RECORDS PROVIDED:
lemma coeff_mult_lead_coeff_nonneg_if_negative_roots:
  fixes H :: "real poly"
  assumes "\<And>z. poly (map_poly complex_of_real H) z = 0 \<Longrightarrow> z \<in> \<real> \<and> Re z < 0"
  shows "coeff H k * lead_coeff H \<ge> 0"
  using assms
proof (induction "degree H" arbitrary: H k)
  case 0
  then obtain c where "H = [:c:]" by (metis degree_eq_zeroE)
  thus ?case by (cases k) auto
next
  case (Suc n)
  have "\<not> constant (poly (map_poly complex_of_real H))"
    using Suc.hyps(2) by (subst constant_degree) (simp add: degree_map_poly)
  then obtain z where "poly (map_poly complex_of_real H) z = 0"
    using fundamental_theorem_of_algebra by blast
  with Suc.prems obtain r where "z = of_real r" and "r < 0" by (metis Re_complex_of_real Reals_cases)
  hence "poly H r = 0"
    using \<open>poly (map_poly complex_of_real H) z = 0\<close> by (simp add: poly_map_poly_of_real)
  then obtain Q where H: "H = [:-r, 1:] * Q" by (metis dvdE poly_eq_0_iff_dvd)
  hence "Q \<noteq> 0" using Suc.hyps(2) by auto
  hence "degree H = degree [:-r, 1:] + degree Q" unfolding H by (intro degree_mult_eq) auto
  hence "degree Q = n" using Suc.hyps(2) by simp
  moreover have "lead_coeff H = lead_coeff Q" by (simp add: H lead_coeff_mult del: mult_pCons_left)
  moreover have "poly (map_poly complex_of_real Q) w = 0 \<Longrightarrow> w \<in> \<real> \<and> Re w < 0" for w
    using Suc.prems[of w] unfolding H map_poly_of_real_mult by simp
  ultimately have IH: "coeff Q j * lead_coeff H \<ge> 0" for j
    using Suc.hyps(1) by metis
  define shifted where "shifted = (case k of 0 \<Rightarrow> 0 | Suc j \<Rightarrow> coeff Q j)"
  have coeff_H: "coeff H k = - r * coeff Q k + shifted"
    by (simp add: H shifted_def coeff_pCons split: nat.split)
  have "coeff H k * lead_coeff H = - r * (coeff Q k * lead_coeff H) + shifted * lead_coeff H"
    unfolding coeff_H by (simp add: algebra_simps)
  moreover have "shifted * lead_coeff H \<ge> 0" using IH by (simp add: shifted_def split: nat.split)
  moreover have "- r * (coeff Q k * lead_coeff H) \<ge> 0"
    using IH[of k] \<open>r < 0\<close> by (simp add: mult_nonpos_nonneg)
  ultimately show ?case by simp
qed

definition complex_vec :: "real^'n \<Rightarrow> complex^'n" where
  "complex_vec y = (\<chi> i. complex_of_real (y $ i))"

lemma complex_vec_add: "complex_vec (x + y) = complex_vec x + complex_vec y"
  and complex_vec_scaleR: "complex_vec (c *\<^sub>R x) = of_real c *s complex_vec x"
  by (simp_all add: complex_vec_def vec_eq_iff)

REQUIRED WORK:
Lines holding the word "lemma" in the entries above are the ones to pull out. Copy them all.

RESPONSE:
lemma coeff_mult_lead_coeff_nonneg_if_negative_roots:
lemma complex_vec_add: "complex_vec (x + y) = complex_vec x + complex_vec y"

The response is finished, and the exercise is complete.